Can't we all get along!!!!!!


----------



## Moses05GT (Jan 10, 2007)

We're good! Now anyway --- :banana: :banana:


----------



## cdmorenot (Dec 22, 2005)

its all good now.. 
moses go on my car domain.. and too late about the mod itch.. my last car was an altima over 10k invested in it for absolutely no reason. addicting..

http://www.cardomain.com/id/cdmorenot


----------



## Moses05GT (Jan 10, 2007)

Your car is pretty nice man --- I forwarded a pic to my boy and he likes it... he says he envy's you... haha. I told him your an asshole though (j/k). You're def way past the itch... hell I got it bad right now and i'm trying to stop. I wonder if it's ever enough... I just dont see myself spending all this money on my car and then selling it.... you had to have had a reason to sell yours. Problems???


----------



## RealDealSE-R (Jan 7, 2007)

Moses05GT said:


> Umm lets see here -- SER 260HP (flywheel according to my buddy) Mustang GT 300 (flywheel)... both cars are similar in weight according to him... so I dont think it'll win. Now stock - stock 350Z to stang then maybe it'll be closer and become a drivers race. I appreicate the advice though on the parts... whats a good tuner for the SER? I use SCT but that doesn't support this vehicle.

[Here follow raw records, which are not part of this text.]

lemma gram_form_max_exists:
  obtains \<kappa> and y :: "'n::finite \<Rightarrow> complex"
  where "cnorm2 y = 1" "gram_form S a y = \<kappa>" "\<And>x. gram_form S a x \<le> \<kappa> * cnorm2 x"
proof -
  have norm_vec: "norm v = sqrt (cnorm2 (vec_nth v))" for v :: "complex ^ 'n"
    unfolding norm_vec_def L2_set_def cnorm2_def by simp
  have vec_nth_vec_lambda: "vec_nth (vec_lambda f) = f" for f :: "'n \<Rightarrow> complex"
    by (simp add: fun_eq_iff)
  have "continuous_on (sphere 0 1) (\<lambda>v::complex ^ 'n. gram_form S a (vec_nth v))"
    unfolding gram_form_def cinner_def by (intro continuous_intros)
  moreover have "sphere (0::complex ^ 'n) 1 \<noteq> {}" by simp
  ultimately obtain v :: "complex ^ 'n" where v: "v \<in> sphere 0 1"
    and v_max: "\<And>w. w \<in> sphere 0 1 \<Longrightarrow> gram_form S a (vec_nth w) \<le> gram_form S a (vec_nth v)"
    using continuous_attains_sup[OF compact_sphere] by blast
  have unit: "cnorm2 (vec_nth v) = 1"
    using v norm_vec[of v] cnorm2_nonneg[of "vec_nth v"] by simp
  have "gram_form S a x \<le> gram_form S a (vec_nth v) * cnorm2 x" for x
  proof (cases "x = 0")
    case True
    then show ?thesis by (simp add: gram_form_def cnorm2_def)
  next
    case False
    then have pos: "0 < cnorm2 x" by (rule cnorm2_pos)
    define c where "c = complex_of_real (1 / sqrt (cnorm2 x))"
    have c: "(cmod c)\<^sup>2 = 1 / cnorm2 x"
      unfolding c_def norm_of_real using pos by (simp add: power_divide)
    have "cnorm2 (vec_nth (vec_lambda (cscale c x))) = 1"
      using pos by (simp add: vec_nth_vec_lambda cnorm2_scale c)
    then have "gram_form S a (cscale c x) \<le> gram_form S a (vec_nth v)"
      using v_max[of "vec_lambda (cscale c x)"] norm_vec by (simp add: vec_nth_vec_lambda)
    then show ?thesis using pos by (simp add: gram_form_scale c field_simps)
  qed
  then show ?thesis using that unit by (simp add: mult.commute)
qed

text \<open>The maximal level set of the Rayleigh quotient is the top eigenspace of the Gram operator.\<close>
lemma subspace_gram_form_max_level:
  assumes bound: "\<And>x. gram_form S a x \<le> \<kappa> * cnorm2 x"
  shows "CS.subspace {y. gram_form S a y = \<kappa> * cnorm2 y}"
proof -
  have eigen: "gram_form S a y = \<kappa> * cnorm2 y \<longleftrightarrow> gram_op S a y = cscale (complex_of_real \<kappa>) y" for y
  proof
    assume "gram_op S a y = cscale (complex_of_real \<kappa>) y"
    then have "complex_of_real (gram_form S a y) = complex_of_real (\<kappa> * cnorm2 y)"
      by (simp add: cinner_gram_op_right [symmetric] cinner_scale_right cinner_self)
    then show "gram_form S a y = \<kappa> * cnorm2 y" by (simp only: of_real_eq_iff)
  qed (rule gram_op_eigenvector_if_max[OF bound])
  show ?thesis
  proof (rule CS.subspaceI)
    show "0 \<in> {y. gram_form S a y = \<kappa> * cnorm2 y}" by (simp add: cnorm2_def gram_form_def)
    show "x + y \<in> {y. gram_form S a y = \<kappa> * cnorm2 y}"
      if "x \<in> {y. gram_form S a y = \<kappa> * cnorm2 y}" "y \<in> {y. gram_form S a y = \<kappa> * cnorm2 y}" for x y
      using that unfolding mem_Collect_eq eigen gram_op_add by (simp add: cscale_def fun_eq_iff algebra_simps)
    show "cscale c x \<in> {y. gram_form S a y = \<kappa> * cnorm2 y}"
      if "x \<in> {y. gram_form S a y = \<kappa> * cnorm2 y}" for c x
      using that unfolding mem_Collect_eq eigen gram_op_scale by (simp add: cscale_def fun_eq_iff algebra_simps)
  qed
qed
theorem lemma1:
  fixes Obs :: "nat \<Rightarrow> pt set" and m :: nat and r \<rho>max \<epsilon> a :: real
    and x :: pt and j :: nat
  assumes "m \<ge> 1"
    and obs: "\<And>i. i < m \<Longrightarrow> Obs i \<noteq> {} \<and> closed (Obs i) \<and> convex (Obs i)"
    and r: "r > 0" and \<rho>: "\<rho>max > 0"
    and "\<And>i l. i < m \<Longrightarrow> l < m \<Longrightarrow> i \<noteq> l \<Longrightarrow> setdist (Obs i) (Obs l) > 2 * (r + \<rho>max)"
    and \<epsilon>: "\<epsilon> > 0"
    and \<epsilon>_sep: "\<And>i l. i < m \<Longrightarrow> l < m \<Longrightarrow> i \<noteq> l \<Longrightarrow>
           \<epsilon> < (setdist (Obs i) (Obs l) - 2 * (r + \<rho>max)) / 2"
    and a: "a \<in> {-1, 1}"
    and \<delta>_pos: "0 < delta Obs m r x" and \<delta>_lt: "delta Obs m r x < \<epsilon>"
    and j: "j < m" and nearest: "\<And>i. i < m \<Longrightarrow> infdist x (Obs j) \<le> infdist x (Obs i)"
  shows "x \<in> interior (LFw Obs m r \<epsilon> j x) \<and>
    LFw Obs m r \<epsilon> j x = Dw Obs m r \<epsilon> j x \<inter>
           {q. (q - (x - (delta Obs m r x / 2) *\<^sub>R nvec (Obs j) x)) \<bullet> nvec (Obs j) x \<ge> 0} \<and>
    x_p Obs m r \<epsilon> a j x \<in> frontier (LFw Obs m r \<epsilon> j x)"
proof -
  define \<delta> n where "\<delta> = delta Obs m r x" and "n = nvec (Obs j) x"
  have sep: "2 * r + 2 * \<epsilon> < setdist (Obs i) (Obs j)" if "i < m" "i \<noteq> j" for i
    using \<rho> \<epsilon>_sep[OF that(1) j that(2)] by (simp add: field_simps)
  have H: "Hplane (Obs j) r x = {q. 0 \<le> (q - (x - (\<delta> / 2) *\<^sub>R n)) \<bullet> n}"
    unfolding \<delta>_def n_def using j nearest by (rule Hplane_nearest_eq)
  have Dw: "Dw Obs m r \<epsilon> j x = cball (x - \<delta> *\<^sub>R n) \<epsilon>"
    unfolding Dw_def x_offset_def \<delta>_def n_def ..
  have LFw: "LFw Obs m r \<epsilon> j x = cball (x - \<delta> *\<^sub>R n) \<epsilon> \<inter> {q. 0 \<le> (q - (x - (\<delta> / 2) *\<^sub>R n)) \<bullet> n}"
    using LFw_eq_Dw_inter_Hplane_nearest[OF _ sep _ j nearest \<delta>_pos] obs r unfolding Dw H by auto
  have "0 < infdist x (Obs j)"
    using r \<delta>_pos delta_eq_infdist_nearest[of j m x Obs r, OF j nearest] by simp
  then have n: "norm n = 1" using obs[OF j] norm_nvec n_def by blast
  have "a\<^sup>2 = 1" using a by auto
  then have "x_p Obs m r \<epsilon> a j x \<in> frontier (LFw Obs m r \<epsilon> j x)"
    using wall_following_goal_in_frontier[OF n, of \<delta> \<epsilon> a x] \<epsilon> \<delta>_lt
    unfolding LFw x_p_def x_offset_def \<delta>_def n_def by simp
  moreover have "x \<in> interior (LFw Obs m r \<epsilon> j x)"
    unfolding LFw using interior_offset_disk_halfplane[OF n] \<delta>_pos \<delta>_lt \<delta>_def by simp
  ultimately show ?thesis using LFw unfolding Dw \<delta>_def n_def by simp
qed

end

Ummm..actually i own a 2005 altima SE-R and have raced a 05 350z with my 240lb buddy in my car ( i was stock at the time ) and lost by only half a car length...sooo on that note ser vs gt should be a close race if u get some sticky shoes..i have yokohama advans ad07's and get about 25% better traction over stock.


----------



## RealDealSE-R (Jan 7, 2007)

Gaurenteed HP!! i have a 05 se-r the injen cai i just put on gave me a car length part # INJSP1978P, also ordered the (not installed yet) unorthodox pulley and hyper ground kit.and mossy cat-back is on back order hope this helps.


----------